J’entendis le bruit d’une porte qui se fermait ; aussitôt, la glace devint sombre, l’étincelante et voluptueuse vision avait disparu.

. . . . . . . . . . . . . . . . . . . .

Je me croyais sous l’obsession d’un rêve ; un léger coup frappé familièrement sur mon épaule me fit tressaillir. Je me retournai ; c’était Mlle Juliette.

— J’espère, mon cher Martin, — m’a-t-elle dit en riant, — que vous êtes joliment attentionné à ce que vous faites… je sors de la chambre de Madame et vous ne m’entendez pas seulement venir…

— Je… je… nettoyais cette glace, — ai-je répondu en balbutiant.

— Je le sais bien, rien ne vous dérange de ce que vous faites, vous êtes bien heureux… vous. Mais, dites-moi, les fleurs de Madame sont-elles arrivées ?

— Elles sont dans le parloir, Mademoiselle, — dis-je en reprenant mon sang-froid.

— Bon, — me dit Mlle Juliette, — je vais en prévenir Madame ; elle vous fait dire de l’attendre pour arranger les fleurs dans les jardinières… vous savez que souvent c’est sa manie…

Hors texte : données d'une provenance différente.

(* Let $a,\Theta$ be finitely supported complex sequences on $\mathbb Z$ with $\Theta^\star=\Theta$, and let $b_1,b_2$ be finitely supported complex sequences such that $\{a;b_1,b_2\}_{\Theta,(1,-1)}$ is a quasi-tight framelet filter bank and $$\mathrm{S}\Theta(z)=1,\quad \mathrm{S}a(z)=\epsilon z^c,\quad \mathrm{S}b_1(z)=\epsilon_1z^{c_1},\quad \mathrm{S}b_2(z)=\epsilon_2z^{c_2}$$ for some $\epsilon,\epsilon_1,\epsilon_2\in\{\pm1\}$ and $c,c_1,c_2\in\mathbb Z$. Then $c_1+c$ and $c_2+c$ are even.
   Context: Finitely supported sequences $u$ on $\mathbb Z$ are identified with Laurent polynomials $u(z)=\sum_ku(k)z^k$; $u^\star(z):=\sum_k\overline{u(k)}z^{-k}$. $u$ has symmetry of type $\epsilon z^c$ if $u(z)=\epsilon z^cu(z^{-1})$; for nonzero $u$, $\mathrm{S}u(z):=u(z)/u(z^{-1})$; zero has every type. $\{a;b_1,b_2\}_{\Theta,(1,-1)}$ is a quasi-tight framelet filter bank if for all $z\in\mathbb C\setminus\{0\}$: $\Theta(z^2)a^\star(z)a(z)+b_1^\star(z)b_1(z)-b_2^\star(z)b_2(z)=\Theta(z)$ and $\Theta(z^2)a^\star(z)a(-z)+b_1^\star(z)b_1(-z)-b_2^\star(z)b_2(-z)=0$. *)

theory Defs
  imports Complex_Main
begin

text \<open>Finitely supported sequences on the integers, identified with Laurent polynomials.\<close>

definition fin_supp :: "(int \<Rightarrow> complex) \<Rightarrow> bool" where
  "fin_supp u \<longleftrightarrow> finite {k. u k \<noteq> 0}"

definition lp_eval :: "(int \<Rightarrow> complex) \<Rightarrow> complex \<Rightarrow> complex" where
  "lp_eval u z = (\<Sum>k\<in>{k. u k \<noteq> 0}. u k * z powi k)"

text \<open>u^star(z) = sum_k conj(u(k)) z^(-k), i.e. the sequence k maps to conj(u(-k)).\<close>
definition lp_star :: "(int \<Rightarrow> complex) \<Rightarrow> (int \<Rightarrow> complex)" where
  "lp_star u = (\<lambda>k. cnj (u (- k)))"

text \<open>Su(z) = eps z^c, for nonzero u: u(z)/u(1/z) = eps z^c as rational functions,
  i.e. u(z) = eps z^c u(1/z) for all nonzero z.\<close>
definition S_eq :: "(int \<Rightarrow> complex) \<Rightarrow> complex \<Rightarrow> int \<Rightarrow> bool" where
  "S_eq u eps c \<longleftrightarrow> u \<noteq> (\<lambda>_. 0) \<and>
     (\<forall>z. z \<noteq> 0 \<longrightarrow> lp_eval u z = eps * z powi c * lp_eval u (inverse z))"

definition quasi_tight_fb ::
  "(int \<Rightarrow> complex) \<Rightarrow> (int \<Rightarrow> complex) \<Rightarrow> (int \<Rightarrow> complex) \<Rightarrow> (int \<Rightarrow> complex) \<Rightarrow> bool" where
  "quasi_tight_fb \<Theta> a b1 b2 \<longleftrightarrow>
     (\<forall>z::complex. z \<noteq> 0 \<longrightarrow>
        lp_eval \<Theta> (z^2) * lp_eval (lp_star a) z * lp_eval a z
        + lp_eval (lp_star b1) z * lp_eval b1 z
        - lp_eval (lp_star b2) z * lp_eval b2 z = lp_eval \<Theta> z
      \<and> lp_eval \<Theta> (z^2) * lp_eval (lp_star a) z * lp_eval a (- z)
        + lp_eval (lp_star b1) z * lp_eval b1 (- z)
        - lp_eval (lp_star b2) z * lp_eval b2 (- z) = 0)"

end

theory Submission
  imports Defs "HOL-Computational_Algebra.Polynomial"
begin

text \<open>Write \<open>A u z = u\<^sup>\<star>(z) u(-z)\<close>. If \<open>u\<close> has symmetry type \<open>\<epsilon> z\<^sup>c\<close> with
  \<open>\<epsilon> = \<plusminus>1\<close>, then \<open>A u (1/z) = (-1)\<^sup>c A u z\<close>; moreover \<open>\<Theta>(1/z\<^sup>2) = \<Theta>(z\<^sup>2)\<close>.
  So the second filter bank identity, taken at \<open>z\<close> and at \<open>1/z\<close>, yields
  \<open>T\<^sub>0 + T\<^sub>1 - T\<^sub>2 = 0\<close> and \<open>s T\<^sub>0 + s\<^sub>1 T\<^sub>1 - s\<^sub>2 T\<^sub>2 = 0\<close>, where
  \<open>T\<^sub>0 = \<Theta>(z\<^sup>2) A a z\<close>, \<open>T\<^sub>j = A b\<^sub>j z\<close>, \<open>s = (-1)\<^sup>c\<close>, \<open>s\<^sub>j = (-1)\<^sup>c\<^sup>j\<close>.
  Away from the finitely many zeros of these Laurent polynomials all \<open>T\<^sub>i\<close> are nonzero,
  and then the two relations force \<open>s\<^sub>1 = s\<^sub>2 = s\<close>.\<close>

definition alias_prod :: "(int \<Rightarrow> complex) \<Rightarrow> complex \<Rightarrow> complex" where
  "alias_prod u z = lp_eval (lp_star u) z * lp_eval u (- z)"

lemma lp_eval_times_power_eq_poly:
  assumes "fin_supp u" "u \<noteq> (\<lambda>_. 0)"
  obtains p :: "complex poly" and N :: nat
  where "p \<noteq> 0" "\<And>z. z \<noteq> 0 \<Longrightarrow> poly p z = z ^ N * lp_eval u z"
proof -
  define S where "S = {k. u k \<noteq> 0}"
  have "finite S" using assms(1) unfolding fin_supp_def S_def .
  define N where "N = (\<Sum>k\<in>S. nat \<bar>k\<bar>)"
  have shift_nonneg: "k + int N \<ge> 0" if "k \<in> S" for k
  proof -
    have "nat \<bar>k\<bar> \<le> N" unfolding N_def using \<open>finite S\<close> that by (intro member_le_sum) auto
    then show ?thesis by linarith
  qed
  define p where "p = (\<Sum>k\<in>S. monom (u k) (nat (k + int N)))"
  obtain k0 where "u k0 \<noteq> 0" using assms(2) by blast
  then have "k0 \<in> S" by (simp add: S_def)
  have "coeff p (nat (k0 + int N))
      = (\<Sum>k\<in>S. if nat (k + int N) = nat (k0 + int N) then u k else 0)"
    unfolding p_def by (simp add: coeff_sum)
  also have "\<dots> = (\<Sum>k\<in>S. if k = k0 then u k else 0)"
    using shift_nonneg \<open>k0 \<in> S\<close> by (intro sum.cong refl) (simp add: eq_nat_nat_iff)
  also have "\<dots> = u k0" using \<open>finite S\<close> \<open>k0 \<in> S\<close> by simp
  finally have "p \<noteq> 0" using \<open>u k0 \<noteq> 0\<close> by auto
  moreover have "poly p z = z ^ N * lp_eval u z" if "z \<noteq> 0" for z
  proof -
    have "z ^ nat (k + int N) = z ^ N * z powi k" if "k \<in> S" for k
    proof -
      have "z ^ nat (k + int N) = z powi (k + int N)"
        using shift_nonneg[OF that] by (simp add: power_int_def)
      also have "\<dots> = z ^ N * z powi k" using \<open>z \<noteq> 0\<close> by (simp add: power_int_add)
      finally show ?thesis .
    qed
    then show ?thesis
      unfolding p_def lp_eval_def S_def[symmetric] poly_sum poly_monom sum_distrib_left
      by (intro sum.cong) auto
  qed
  ultimately show ?thesis using that by blast
qed

lemma finite_lp_eval_zeros:
  assumes "fin_supp u" "u \<noteq> (\<lambda>_. 0)"
  shows "finite {z. lp_eval u z = 0}"
proof -
  obtain p N where "p \<noteq> 0" and p: "\<And>z. z \<noteq> 0 \<Longrightarrow> poly p z = z ^ N * lp_eval u z"
    using lp_eval_times_power_eq_poly[OF assms] by blast
  have "{z. lp_eval u z = 0} \<subseteq> insert 0 {z. poly p z = 0}" using p by auto
  then show ?thesis using poly_roots_finite[OF \<open>p \<noteq> 0\<close>] finite_subset by blast
qed

lemma finite_vimage_power2:
  assumes "finite A"
  shows "finite ((\<lambda>z::complex. z ^ 2) -` A)"
proof -
  have "(\<lambda>z::complex. z ^ 2) -` A = (\<Union>w\<in>A. {z. z ^ 2 = w})" by auto
  then show ?thesis using assms by (auto intro: finite_nth_roots)
qed

lemma lp_star_support: "{k. lp_star u k \<noteq> 0} = uminus ` {k. u k \<noteq> 0}"
  unfolding lp_star_def by (auto simp: image_iff) (metis minus_minus)

lemma fin_supp_lp_star: "fin_supp u \<Longrightarrow> fin_supp (lp_star u)"
  unfolding fin_supp_def lp_star_support by simp

lemma lp_star_nonzero: "u \<noteq> (\<lambda>_. 0) \<Longrightarrow> lp_star u \<noteq> (\<lambda>_. 0)"
  using lp_star_support[of u] by auto

lemma lp_eval_lp_star: "lp_eval (lp_star u) z = cnj (lp_eval u (cnj (inverse z)))"
proof -
  have "lp_eval (lp_star u) z = (\<Sum>k\<in>{k. u k \<noteq> 0}. lp_star u (- k) * z powi (- k))"
    unfolding lp_eval_def lp_star_support by (subst sum.reindex) (auto intro: inj_onI)
  also have "\<dots> = (\<Sum>k\<in>{k. u k \<noteq> 0}. cnj (u k * cnj (inverse z) powi k))"
    unfolding lp_star_def by (simp add: power_int_minus power_int_inverse)
  finally show ?thesis unfolding lp_eval_def by simp
qed

lemma S_eqD:
  "S_eq u e c \<Longrightarrow> z \<noteq> 0 \<Longrightarrow> lp_eval u z = e * z powi c * lp_eval u (inverse z)"
  unfolding S_eq_def by blast

lemma S_eq_lp_star:
  assumes "S_eq u e c"
  shows "S_eq (lp_star u) (cnj e) (- c)"
  unfolding S_eq_def
proof (intro conjI allI impI)
  show "lp_star u \<noteq> (\<lambda>_. 0)" using assms lp_star_nonzero unfolding S_eq_def by blast
next
  fix z :: complex
  assume "z \<noteq> 0"
  have "lp_eval u (cnj (inverse z))
      = e * cnj (inverse z) powi c * lp_eval u (inverse (cnj (inverse z)))"
    using \<open>z \<noteq> 0\<close> by (intro S_eqD[OF assms]) simp
  also have "inverse (cnj (inverse z)) = cnj z" by (simp add: complex_cnj_inverse)
  finally have "lp_eval u (cnj (inverse z)) = e * cnj (inverse z) powi c * lp_eval u (cnj z)" .
  then have "lp_eval (lp_star u) z = cnj e * inverse z powi c * cnj (lp_eval u (cnj z))"
    by (simp add: lp_eval_lp_star)
  then show "lp_eval (lp_star u) z = cnj e * z powi (- c) * lp_eval (lp_star u) (inverse z)"
    by (simp add: lp_eval_lp_star power_int_minus power_int_inverse)
qed

lemma alias_prod_inverse:
  assumes "S_eq u e c" "cnj e * e = 1" "z \<noteq> 0"
  shows "alias_prod u (inverse z) = (-1) powi c * alias_prod u z"
proof -
  have "lp_eval (lp_star u) (inverse z)
      = cnj e * inverse z powi (- c) * lp_eval (lp_star u) (inverse (inverse z))"
    using assms(3) by (intro S_eqD[OF S_eq_lp_star[OF assms(1)]]) simp
  then have star: "lp_eval (lp_star u) (inverse z) = cnj e * z powi c * lp_eval (lp_star u) z"
    by (simp add: power_int_minus power_int_inverse)
  have "lp_eval u (- inverse z) = e * (- inverse z) powi c * lp_eval u (inverse (- inverse z))"
    using assms(3) by (intro S_eqD[OF assms(1)]) simp
  also have "inverse (- inverse z) = - z" by simp
  also have "(- inverse z) powi c = (-1) powi c * inverse (z powi c)"
    by (metis mult_minus1 power_int_mult_distrib power_int_inverse)
  finally have refl: "lp_eval u (- inverse z) = e * (-1) powi c * inverse (z powi c) * lp_eval u (- z)"
    by (simp only: mult.assoc)
  have "alias_prod u (inverse z)
      = (cnj e * e) * (-1) powi c * (z powi c * inverse (z powi c)) * alias_prod u z"
    unfolding alias_prod_def star refl by (simp add: ac_simps)
  then show ?thesis using assms(2,3) by simp
qed

lemma finite_alias_prod_zeros:
  assumes "fin_supp u" "u \<noteq> (\<lambda>_. 0)"
  shows "finite {z. alias_prod u z = 0}"
proof -
  have "{z. alias_prod u z = 0} = {z. lp_eval (lp_star u) z = 0} \<union> uminus -` {z. lp_eval u z = 0}"
    unfolding alias_prod_def by auto
  moreover have "finite {z. lp_eval (lp_star u) z = 0}"
    using assms by (intro finite_lp_eval_zeros fin_supp_lp_star lp_star_nonzero)
  moreover have "finite (uminus -` {z. lp_eval u z = 0})"
    using finite_lp_eval_zeros[OF assms] by (rule finite_vimageI) (simp add: inj_def)
  ultimately show ?thesis by simp
qed

lemma quasi_tight_fb_alias_prod:
  assumes "quasi_tight_fb \<Theta> a b1 b2" "z \<noteq> 0"
  shows "lp_eval \<Theta> (z ^ 2) * alias_prod a z + alias_prod b1 z - alias_prod b2 z = 0"
  using assms unfolding quasi_tight_fb_def alias_prod_def by (simp add: mult.assoc)

lemma S_eq_1_0_lp_eval_inverse:
  "S_eq \<Theta> 1 0 \<Longrightarrow> w \<noteq> 0 \<Longrightarrow> lp_eval \<Theta> (inverse w) = lp_eval \<Theta> w"
  using S_eqD[of \<Theta> 1 0 w] by simp

lemma quasi_tight_fb_alias_prod_reflected:
  assumes "quasi_tight_fb \<Theta> a b1 b2" "S_eq \<Theta> 1 0"
    and "S_eq a e c" "S_eq b1 e1 c1" "S_eq b2 e2 c2"
    and "cnj e * e = 1" "cnj e1 * e1 = 1" "cnj e2 * e2 = 1" "z \<noteq> 0"
  shows "(-1) powi c * (lp_eval \<Theta> (z ^ 2) * alias_prod a z)
      + (-1) powi c1 * alias_prod b1 z - (-1) powi c2 * alias_prod b2 z = 0"
proof -
  have "lp_eval \<Theta> (inverse z ^ 2) * alias_prod a (inverse z)
      + alias_prod b1 (inverse z) - alias_prod b2 (inverse z) = 0"
    using assms(1,9) by (intro quasi_tight_fb_alias_prod) simp_all
  moreover have "lp_eval \<Theta> (inverse z ^ 2) = lp_eval \<Theta> (z ^ 2)"
    using S_eq_1_0_lp_eval_inverse[OF assms(2), of "z ^ 2"] assms(9) by (simp add: power_inverse)
  ultimately show ?thesis
    using alias_prod_inverse[OF assms(3) assms(6) assms(9)]
      alias_prod_inverse[OF assms(4) assms(7) assms(9)]
      alias_prod_inverse[OF assms(5) assms(8) assms(9)]
    by (simp only: ac_simps)
qed

lemma ex_alias_prod_nonzero:
  assumes "fin_supp \<Theta>" "fin_supp a" "fin_supp b1" "fin_supp b2"
    and "\<Theta> \<noteq> (\<lambda>_. 0)" "a \<noteq> (\<lambda>_. 0)" "b1 \<noteq> (\<lambda>_. 0)" "b2 \<noteq> (\<lambda>_. 0)"
  obtains z where "z \<noteq> 0" "lp_eval \<Theta> (z ^ 2) \<noteq> 0"
    "alias_prod a z \<noteq> 0" "alias_prod b1 z \<noteq> 0" "alias_prod b2 z \<noteq> 0"
proof -
  define bad where "bad = insert 0 ((\<lambda>z. z ^ 2) -` {w. lp_eval \<Theta> w = 0}
    \<union> {z. alias_prod a z = 0} \<union> {z. alias_prod b1 z = 0} \<union> {z. alias_prod b2 z = 0})"
  have "finite bad"
    unfolding bad_def
    using finite_vimage_power2[OF finite_lp_eval_zeros[OF assms(1,5)]]
      finite_alias_prod_zeros[OF assms(2,6)] finite_alias_prod_zeros[OF assms(3,7)]
      finite_alias_prod_zeros[OF assms(4,8)]
    by simp
  then obtain z where "z \<notin> bad" using ex_new_if_finite[OF infinite_UNIV_char_0] by blast
  then show ?thesis using that unfolding bad_def by auto
qed

lemma minus_one_powi_eq_iff:
  "((-1 :: 'a :: field_char_0) powi m = (-1) powi n) \<longleftrightarrow> even (m + n)"
  by (auto simp: power_int_minus_left)

lemma signs_agree_if_two_relations:
  fixes s s1 s2 T0 T1 T2 :: "'a :: field_char_0"
  assumes "s \<in> {1, -1}" "s1 \<in> {1, -1}" "s2 \<in> {1, -1}"
    and "T0 + T1 - T2 = 0" "s * T0 + s1 * T1 - s2 * T2 = 0"
    and "T0 \<noteq> 0" "T1 \<noteq> 0" "T2 \<noteq> 0"
  shows "s1 = s \<and> s2 = s"
proof -
  have "(s1 - s) * T1 - (s2 - s) * T2 = (s * T0 + s1 * T1 - s2 * T2) - s * (T0 + T1 - T2)"
    by (simp add: algebra_simps)
  then have diff: "(s1 - s) * T1 = (s2 - s) * T2"
    using assms(4,5) by simp
  show ?thesis
  proof (cases "s1 = s")
    case True
    then show ?thesis using diff assms(8) by simp
  next
    case False
    then have "s2 \<noteq> s" using diff assms(7) by auto
    with False have "s1 = - s" "s2 = - s" using assms(1-3) by auto
    then have "T1 = T2" using diff assms(1) by auto
    then show ?thesis using assms(4,6) by simp
  qed
qed

theorem theorem4p2:
  fixes a \<Theta> b1 b2 :: "int \<Rightarrow> complex"
    and eps eps1 eps2 :: complex and c c1 c2 :: int
  assumes "fin_supp a" and "fin_supp \<Theta>" and "fin_supp b1" and "fin_supp b2"
    and "lp_star \<Theta> = \<Theta>"
    and "quasi_tight_fb \<Theta> a b1 b2"
    and "S_eq \<Theta> 1 0"
    and "S_eq a eps c" and "S_eq b1 eps1 c1" and "S_eq b2 eps2 c2"
    and "eps \<in> {1, -1}" and "eps1 \<in> {1, -1}" and "eps2 \<in> {1, -1}"
  shows "even (c1 + c) \<and> even (c2 + c)"
proof -
  have "\<Theta> \<noteq> (\<lambda>_. 0)" "a \<noteq> (\<lambda>_. 0)" "b1 \<noteq> (\<lambda>_. 0)" "b2 \<noteq> (\<lambda>_. 0)"
    using assms(7-10) unfolding S_eq_def by auto
  then obtain z where "z \<noteq> 0" "lp_eval \<Theta> (z ^ 2) \<noteq> 0"
    and alias_nonzero: "alias_prod a z \<noteq> 0" "alias_prod b1 z \<noteq> 0" "alias_prod b2 z \<noteq> 0"
    using ex_alias_prod_nonzero assms(1-4) by metis
  have "cnj eps * eps = 1" "cnj eps1 * eps1 = 1" "cnj eps2 * eps2 = 1"
    using assms(11-13) by auto
  then have at_inverse: "(-1) powi c * (lp_eval \<Theta> (z ^ 2) * alias_prod a z)
      + (-1) powi c1 * alias_prod b1 z - (-1) powi c2 * alias_prod b2 z = 0"
    using quasi_tight_fb_alias_prod_reflected assms(6-10) \<open>z \<noteq> 0\<close> by blast
  have sign: "(-1 :: complex) powi k \<in> {1, -1}" for k
    by (simp add: power_int_minus_left)
  have "(-1 :: complex) powi c1 = (-1) powi c \<and> (-1 :: complex) powi c2 = (-1) powi c"
    using \<open>lp_eval \<Theta> (z ^ 2) \<noteq> 0\<close> alias_nonzero
    by (intro signs_agree_if_two_relations[OF sign sign sign
          quasi_tight_fb_alias_prod[OF assms(6) \<open>z \<noteq> 0\<close>] at_inverse]) simp_all
  then show ?thesis by (simp add: minus_one_powi_eq_iff)
qed

end
locale cyclic_four_cut =
  fixes G :: "('v, 'e) multigraph" and A :: "'v set" and cs :: "nat \<Rightarrow> 'e"
  assumes cubic: "cubic G" and cyc4: "cyc_edge_connected 4 G" and cyclic: "cyclic_cut G A"
    and card_cut_A: "card (cut G A) = 4" and inj_cs: "inj_on cs {1..4}"
    and cs_cut: "cs ` {1..4} = cut G A"
begin

definition attach :: "nat \<Rightarrow> 'v" where
  "attach m = endA G A (cs m)"

definition hits :: "'v set \<Rightarrow> nat set \<Rightarrow> nat" where
  "hits S M = card {m \<in> M. attach m \<in> S}"

abbreviation inner_cut :: "'v set \<Rightarrow> 'e set" where
  "inner_cut S \<equiv> cut (induced G A) S"

lemma wf: "wf_graph G"
  using cubic by (simp add: cubic_def)

lemma A_verts: "A \<subseteq> verts G"
  using cyclic by (simp add: cyclic_cut_def)

lemma finite_A: "finite A"
  using A_verts wf finite_subset by (auto simp: wf_graph_def)

lemma finite_inner_cut: "finite (inner_cut S)"
  using wf by (simp add: cut_def finite_edges_within)

lemma attach:
  assumes "m \<in> {1..4}"
  shows "cs m \<in> edges G" "ends G (cs m) \<inter> A = {attach m}" "attach m \<in> A" "\<not> ends G (cs m) \<subseteq> A"
proof -
  have e: "cs m \<in> edges G" "ends G (cs m) \<inter> A \<noteq> {}" "ends G (cs m) \<inter> (verts G - A) \<noteq> {}"
    using assms cs_cut by (auto simp: cut_def)
  obtain a b where ab: "ends G (cs m) = {a, b}" "a \<noteq> b"
    using wf_graph_edgeE[OF wf e(1)] by metis
  then obtain u where u: "ends G (cs m) \<inter> A = {u}"
    using e(2,3) by (cases "a \<in> A"; cases "b \<in> A") auto
  then have "attach m = u" unfolding attach_def endA_def by auto
  then show "cs m \<in> edges G" "ends G (cs m) \<inter> A = {attach m}" "attach m \<in> A" "\<not> ends G (cs m) \<subseteq> A"
    using e u by auto
qed

lemma cut_inside_A:
  assumes S: "S \<subseteq> A"
  shows "cut G S = inner_cut S \<union> cs ` {m \<in> {1..4}. attach m \<in> S}"
proof (intro equalityI subsetI)
  fix e assume e: "e \<in> cut G S"
  then have ends_sub: "ends G e \<subseteq> verts G"
    using wf by (auto simp: cut_def wf_graph_def)
  show "e \<in> inner_cut S \<union> cs ` {m \<in> {1..4}. attach m \<in> S}"
  proof (cases "ends G e \<subseteq> A")
    case True
    then show ?thesis using e by (auto simp: cut_def edges_within_def)
  next
    case False
    then have "e \<in> cut G A" using e S ends_sub by (auto simp: cut_def)
    then obtain m where m: "m \<in> {1..4}" "e = cs m" using cs_cut by (metis imageE)
    have "ends G (cs m) \<inter> S \<subseteq> {attach m}" using S attach(2)[OF m(1)] by blast
    moreover have "ends G (cs m) \<inter> S \<noteq> {}" using e m(2) by (auto simp: cut_def)
    ultimately have "attach m \<in> S" by blast
    then show ?thesis using m by auto
  qed
next
  fix e assume "e \<in> inner_cut S \<union> cs ` {m \<in> {1..4}. attach m \<in> S}"
  then show "e \<in> cut G S"
  proof
    assume "e \<in> inner_cut S"
    then show ?thesis using A_verts by (auto simp: cut_def edges_within_def)
  next
    assume "e \<in> cs ` {m \<in> {1..4}. attach m \<in> S}"
    then obtain m where m: "m \<in> {1..4}" "attach m \<in> S" "e = cs m" by auto
    then obtain w where "w \<in> ends G e" "w \<notin> A" using attach(4)[OF m(1)] by auto
    moreover have "ends G e \<subseteq> verts G" using attach(1)[OF m(1)] wf m(3) by (auto simp: wf_graph_def)
    ultimately show ?thesis using m attach(1,2)[OF m(1)] S by (auto simp: cut_def)
  qed
qed

lemma card_cut_inside_A:
  assumes "S \<subseteq> A"
  shows "card (cut G S) = card (inner_cut S) + hits S {1..4}"
proof -
  have "inner_cut S \<inter> cs ` {m \<in> {1..4}. attach m \<in> S} = {}"
    using attach(4) by (auto simp: cut_def edges_within_def)
  moreover have "card (cs ` {m \<in> {1..4}. attach m \<in> S}) = hits S {1..4}"
    unfolding hits_def by (rule card_image) (rule inj_on_subset[OF inj_cs], auto)
  ultimately show ?thesis
    unfolding cut_inside_A[OF assms] by (simp add: card_Un_disjoint finite_inner_cut)
qed

lemma inner_cut_compl: "S \<subseteq> A \<Longrightarrow> inner_cut (A - S) = inner_cut S"
  using cut_compl[of S "induced G A"] by simp

lemma hits_split: "M \<subseteq> N \<Longrightarrow> finite N \<Longrightarrow> hits S N = hits S M + hits S (N - M)"
proof -
  assume "M \<subseteq> N" "finite N"
  then have "{m \<in> N. attach m \<in> S} = {m \<in> M. attach m \<in> S} \<union> {m \<in> N - M. attach m \<in> S}"
    and "finite {m \<in> M. attach m \<in> S}" "finite {m \<in> N - M. attach m \<in> S}"
    using finite_subset[of _ N] by auto
  then show ?thesis unfolding hits_def by (subst card_Un_disjoint[symmetric]) auto
qed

— Très-bien, Mademoiselle… j’attendrai Madame.

— Ça ne sera pas long ; le temps de la peigner et de la coiffer, et elle sera ici, car je ne la lacerai qu’après déjeûner.

Et Juliette m’a quitté.

Lorsqu’elle a ouvert la porte de la chambre de la princesse, la glace de Venise, où j’ai jeté les yeux… malgré moi, s’est éclairée de nouveau… je n’ai vu que la petite chaise bleue au coin de la cheminée de marbre blanc.

. . . . . . . . . . . . . . . . . . . .

Bientôt Régina est entrée dans son parloir, où je l’attendais avec les fleurs toutes préparées.